My husband knows this word, this idea, this characterization maligns me deeply so he likes to unsheathe it in the middle of a fight and pierce my skin with it right in between my ribs so it sticks directly in my heart (hey, I don’t fight fair either).  He knows it will get me back in line because I don’t want to be a selfish wife or mother.  Somehow, it has been ingrained in us that as we go from “she” to “we” that we relinquish ourselves as being a viable entity.  I don’t exist, I’m here for the needs of my children, my husband, my home.  I don’t have thoughts beyond what I’m making for dinner.  I can’t hold anything significant in my mind except where every item that my children or husband is looking for exists in this well organized inventory I hold in my head.    I only have conversations about my children’s progress in school, complaints about how I’m not getting enough sex, and  engrossing discussions about where the best place to buy chicken this week is.  My days can only be filled the mind-bending monotony of schlepping my kids to their litany of activities.  About 2 years ago, I decided to replant the flag, to reclaim this woman in the name of a girl who once existed but has long been forgotten.

Being selfish started small for me.  Time I would have spent doing laundry or helping with homework, now became my gym time.  The gym, the haven for the selfish, became my refuge in the rigorous pedestrian existence that had enveloped my life.  At first, I felt bad when the kids would ask me where their favorite sweatshirt was and I knew full well it was at the bottom of the mountain of laundry I’d abandoned in place of an hour sweating, listening to rap at the gym.  It bothered me when I was working out and I imagined them crying over a difficult homework problem, lamenting their mother who had abandoned them.  And then, while in the throws of a self-inflicted guilt wound, I realized they would survive without my presence for that hour but if I didn’t claim that time for myself and my selfishness, I might not fare as well.  To be honest, 2 years ago was my make or break.  I knew I would have to make some changes or I couldn’t go on.  Being selfish seemed like the more viable option to a total mid-life crisis.

My husband always likes to remind me that I sugar coat things in these posts…that I don’t give the reader a sense of how deplorable my behavior is, how pervasive its effects on the ones who love me is, how my selfish tendencies have caused irreparable harm to those I love the most.  While I’ll admit, this change I’ve undergone hasn’t been pretty, has shown me to be vile, and selfish, and vain, has resulted in me hurting people who mean the world to me;  I still CAN”T and WON”T go back in time and undo it.  Being selfish, reclaiming who I am and my place on this planet as a woman, as a person with big ideas, as a sexual being was a critical part in my survival.  I couldn’t have survived for even another second as the person I was before because the reflection wasn’t mine anymore and staring at her in the mirror made me hate her.  Yes, sometimes when you try to cage the lion thinking it’s just a cat, you get scratched when she tries to escape…I’ll apologize but please understand that it was a part of the survival mechanism.

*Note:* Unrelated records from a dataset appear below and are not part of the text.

lemma local_inv_extend_near:
  assumes wf: "wf_cgraph G" and inv: "local_inv G A B m (Suc j) P F"
    and c: "c \<in> nbhd G (2 ^ j) (Domain P)"
  shows "\<exists>c'. local_inv G A B m j (insert (c, c') P) F"
proof -
  let ?r = "2 ^ m - 2 ^ Suc j :: nat"
  from inv have jm: "Suc j \<le> m"
    and game: "dup_wins (local_struct G (2 ^ m - 1) A) (local_struct G (2 ^ m - 1) B) (Suc j) P"
    and P: "P \<subseteq> nbhd G ?r A \<times> nbhd G ?r B" and F: "F \<subseteq> verts G - nbhd G (2 ^ Suc j) (Field P)"
    unfolding local_inv_def by auto
  have "(2::nat) ^ Suc j \<le> 2 ^ m" using jm by (rule power_increasing) simp
  then have r: "?r + 2 ^ j = 2 ^ m - 2 ^ j" by simp
  have r': "2 ^ m - 2 ^ j \<le> (2::nat) ^ m - 1" "?r \<le> 2 ^ m - 2 ^ j"
    by (rule diff_le_mono2, simp)+
  obtain p p' where pp: "(p, p') \<in> P" and pc: "c \<in> nbhd G (2 ^ j) {p}"
    using c unfolding nbhd_def by blast
  have "p \<in> nbhd G ?r A" "p' \<in> nbhd G ?r B" using P pp by blast+
  then have near: "nbhd G (2 ^ j) {p} \<subseteq> nbhd G (2 ^ m - 2 ^ j) A"
    "nbhd G (2 ^ j) {p'} \<subseteq> nbhd G (2 ^ m - 2 ^ j) B"
    by (metis nbhd_singleton_subset r)+
  obtain c' where c'_near: "c' \<in> nbhd G (2 ^ j) {p'}"
    and game': "dup_wins (local_struct G (2 ^ m - 1) A) (local_struct G (2 ^ m - 1) B) j
      (insert (c, c') P)"
    using dup_wins_local_answer[OF wf game pp _ _ pc]
      subset_trans[OF near(1) nbhd_mono[OF r'(1) order_refl]]
      subset_trans[OF near(2) nbhd_mono[OF r'(1) order_refl]] by blast
  have grow: "nbhd G (2 ^ j) {x} \<subseteq> nbhd G (2 ^ Suc j) (Field P)"
    if "x \<in> nbhd G (2 ^ j) {q}" "q \<in> Field P" for x q
    using nbhd_singleton_subset[OF that(1), of "2 ^ j"] that(2)
      nbhd_mono[of "2 ^ j + 2 ^ j" "2 ^ Suc j" "{q}" "Field P" G] by auto
  have "Field (insert (c, c') P) = {c} \<union> {c'} \<union> Field P" by auto
  then have "nbhd G (2 ^ j) (Field (insert (c, c') P))
      = nbhd G (2 ^ j) {c} \<union> nbhd G (2 ^ j) {c'} \<union> nbhd G (2 ^ j) (Field P)"
    by (simp only: nbhd_Un)
  moreover have "nbhd G (2 ^ j) (Field P) \<subseteq> nbhd G (2 ^ Suc j) (Field P)" by (rule nbhd_mono) simp_all
  ultimately have "F \<subseteq> verts G - nbhd G (2 ^ j) (Field (insert (c, c') P))"
    using F grow[OF pc] grow[OF c'_near] pp unfolding Field_def by blast
  moreover have "insert (c, c') P \<subseteq> nbhd G (2 ^ m - 2 ^ j) A \<times> nbhd G (2 ^ m - 2 ^ j) B"
    using P pc c'_near near nbhd_mono[OF r'(2) order_refl, of G] by blast
  ultimately show ?thesis using jm game' unfolding local_inv_def by auto
qed

lemma local_inv_extend_far:
  assumes inv: "local_inv G A B m (Suc j) P F" and c: "c \<in> verts G - nbhd G (2 ^ j) (Field P)"
  shows "local_inv G A B m j P (insert c F)"
proof -
  from inv have "Suc j \<le> m"
    and game: "dup_wins (local_struct G (2 ^ m - 1) A) (local_struct G (2 ^ m - 1) B) (Suc j) P"
    and P: "P \<subseteq> nbhd G (2 ^ m - 2 ^ Suc j) A \<times> nbhd G (2 ^ m - 2 ^ Suc j) B"
    and F: "F \<subseteq> verts G - nbhd G (2 ^ Suc j) (Field P)"
    unfolding local_inv_def by blast+
  have "(2::nat) ^ m - 2 ^ Suc j \<le> 2 ^ m - 2 ^ j" by (rule diff_le_mono2) simp
  then have "P \<subseteq> nbhd G (2 ^ m - 2 ^ j) A \<times> nbhd G (2 ^ m - 2 ^ j) B"
    using P nbhd_mono[of "2 ^ m - 2 ^ Suc j" "2 ^ m - 2 ^ j" _ _ G] by blast
  moreover have "nbhd G (2 ^ j) (Field P) \<subseteq> nbhd G (2 ^ Suc j) (Field P)" by (rule nbhd_mono) simp_all
  ultimately show ?thesis
    using \<open>Suc j \<le> m\<close> dup_wins_SucD[OF game] F c unfolding local_inv_def by auto
qed

lemma mirror_step:
  assumes wf: "wf_cgraph G" and inv: "local_inv G A B m (Suc j) P F" and c: "c \<in> verts G"
  shows "\<exists>P' F' c'. local_inv G A B m j P' F' \<and> mirror P F \<subseteq> mirror P' F' \<and> (c, c') \<in> mirror P' F'"
proof -
  have "Field P = Domain P \<union> Range P" by (rule Field_def)
  then consider (dom) "c \<in> nbhd G (2 ^ j) (Domain P)" | (ran) "c \<in> nbhd G (2 ^ j) (Domain (P\<inverse>))"
    | (far) "c \<in> verts G - nbhd G (2 ^ j) (Field P)"
    using c nbhd_Un[of G "2 ^ j" "Domain P" "Range P"] by auto
  then show ?thesis
  proof cases
    case dom
    then obtain c' where "local_inv G A B m j (insert (c, c') P) F"
      using local_inv_extend_near[OF wf inv] by blast
    moreover have "mirror P F \<subseteq> mirror (insert (c, c') P) F" "(c, c') \<in> mirror (insert (c, c') P) F"
      unfolding mirror_def by auto
    ultimately show ?thesis by blast
  next
    case ran
    then obtain c' where "local_inv G B A m j (insert (c, c') (P\<inverse>)) F"
      using local_inv_extend_near[OF wf local_inv_converse[OF inv]] by blast
    then have "local_inv G A B m j ((insert (c, c') (P\<inverse>))\<inverse>) F"
      using local_inv_converse by fastforce
    moreover have "mirror P F \<subseteq> mirror ((insert (c, c') (P\<inverse>))\<inverse>) F"
      "(c, c') \<in> mirror ((insert (c, c') (P\<inverse>))\<inverse>) F"
      unfolding mirror_def by auto
    ultimately show ?thesis by blast
  next
    case far
    then have "local_inv G A B m j P (insert c F)" by (rule local_inv_extend_far[OF inv])
    moreover have "mirror P F \<subseteq> mirror P (insert c F)" "(c, c) \<in> mirror P (insert c F)"
      using c unfolding mirror_def by auto
    ultimately show ?thesis by blast
  qed
qed

lemma dup_wins_mirror:
  assumes wf: "wf_cgraph G" and dist: "dist_gt G A B (2 ^ Suc m)"
  shows "local_inv G A B m j P F \<Longrightarrow> dup_wins G G j (mirror P F)"
proof (induction j arbitrary: P F)
  case 0
  then show ?case using partial_iso_mirror[OF wf dist] by simp
next
  case (Suc j)
  have answer: "\<exists>c'\<in>verts G. dup_wins G G j (insert (c, c') (mirror P F))
      \<and> dup_wins G G j (insert (c', c) (mirror P F))" if c: "c \<in> verts G" for c
  proof -
    obtain P' F' c' where inv': "local_inv G A B m j P' F'"
      and sub: "mirror P F \<subseteq> mirror P' F'" and cc': "(c, c') \<in> mirror P' F'"
      using mirror_step[OF wf Suc.prems c] by blast
    have game: "dup_wins G G j (mirror P' F')" by (rule Suc.IH[OF inv'])
    then have "c' \<in> verts G"
      using cc' dup_wins_partial_iso[OF game] unfolding partial_iso_def by blast
    moreover have "insert (c, c') (mirror P F) \<subseteq> mirror P' F'"
      "insert (c', c) (mirror P F) \<subseteq> mirror P' F'"
      using sub cc' mirror_sym[OF cc'] by blast+
    ultimately show ?thesis using dup_wins_subset[OF game] by blast
  qed
  then show ?case using partial_iso_mirror[OF wf dist Suc.prems] by auto
qed

lemma ex_sat_transfer:
  fixes G :: "('v, 'c::finite) cgraph"
  assumes wf: "wf_cgraph G" and A: "A \<subseteq> verts G" and dist: "dist_gt G A B (2 ^ Suc m)"
    and tp: "tp (Suc m) (local_struct G (2 ^ m - 1) A) \<subseteq> tp (Suc m) (local_struct G (2 ^ m - 1) B)"
    and \<phi>: "fv \<phi> \<subseteq> {x}" "qr \<phi> \<le> m"
    and a: "a \<in> A" "sat G ((\<lambda>_. undefined)(x := a)) \<phi>"
  shows "\<exists>b\<in>B. sat G ((\<lambda>_. undefined)(x := b)) \<phi>"
proof -
  let ?HA = "local_struct G (2 ^ m - 1) A" and ?HB = "local_struct G (2 ^ m - 1) B"
  have "dup_wins ?HA ?HB (Suc m) {}"
    using dup_wins_if_tp_subset[OF _ _ tp] wf_local_struct[OF wf] unfolding wf_cgraph_def by blast
  moreover have "a \<in> verts ?HA" using a(1) A subset_nbhd[OF A] by auto
  ultimately obtain b where b: "b \<in> verts ?HB" "dup_wins ?HA ?HB m {(a, b)}" by auto
  have "a \<in> col ?HA None" using \<open>a \<in> verts ?HA\<close> a(1) by simp
  then have "b \<in> B" using partial_isoD(3)[OF dup_wins_partial_iso[OF b(2)], of a b a b None] by simp
  have "local_inv G A B m m {(a, b)} {}"
    using b(2) a(1) \<open>b \<in> B\<close> A \<open>a \<in> verts ?HA\<close> b(1) nbhd_subset_verts[of G]
    unfolding local_inv_def by (auto simp: nbhd_def intro: reach_refl)
  then have "dup_wins G G m (mirror {(a, b)} {})" by (rule dup_wins_mirror[OF wf dist])
  then have "sat G ((\<lambda>_. undefined)(x := a)) \<phi> \<longleftrightarrow> sat G ((\<lambda>_. undefined)(x := b)) \<phi>"
    by (rule dup_wins_sat) (use \<phi> in \<open>auto simp: mirror_def\<close>)
  then show ?thesis using a(2) \<open>b \<in> B\<close> by blast
qed

theorem lemma4p12:
  fixes G :: "('v, 'c::finite) cgraph" and A B :: "'v set" and k :: nat
    and \<phi> :: "'c fm" and x :: nat
  assumes "wf_cgraph G"
    and "k \<ge> 1"
    and "A \<subseteq> verts G" and "B \<subseteq> verts G"
    and "dist_gt G A B (2 ^ k)"
    and "tp k (induced (expand G A) (nbhd G (2 ^ (k - 1) - 1) A))
         = tp k (induced (expand G B) (nbhd G (2 ^ (k - 1) - 1) B))"
    and "fv \<phi> \<subseteq> {x}" and "qr \<phi> \<le> k - 1"
  shows "(\<exists>a\<in>A. sat G ((\<lambda>_. undefined)(x := a)) \<phi>)
     \<longleftrightarrow> (\<exists>b\<in>B. sat G ((\<lambda>_. undefined)(x := b)) \<phi>)"
proof -
  obtain m where k: "k = Suc m" using \<open>k \<ge> 1\<close> by (cases k) auto
  have tp: "tp (Suc m) (local_struct G (2 ^ m - 1) A) = tp (Suc m) (local_struct G (2 ^ m - 1) B)"
    using assms(6) unfolding k local_struct_def by simp
  have dist: "dist_gt G A B (2 ^ Suc m)" "dist_gt G B A (2 ^ Suc m)"
    using assms(5) dist_gt_sym[OF assms(1)] unfolding k by blast+
  show ?thesis
    using ex_sat_transfer[OF assms(1,3) dist(1) equalityD1[OF tp] assms(7)]
      ex_sat_transfer[OF assms(1,4) dist(2) equalityD2[OF tp] assms(7)] assms(8) k by auto
qed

So call me selfish.  I could be worse things.  I could be soul-less, fake, locked away in a life that didn’t suit me, feigning happiness when depression was eating me from the inside.  If you really loved me, you’d forgive my selfishness and know that those things were far worse.  That despite the scarlet “S” of selfishness that I wear in red, bloody scars on my skin, there are still redeemable qualities to compensate for this selfishness.  Don’t be afraid to draw the line in the sand, reclaim things for the girl you once were…because she was many wonderful things despite being a little selfish.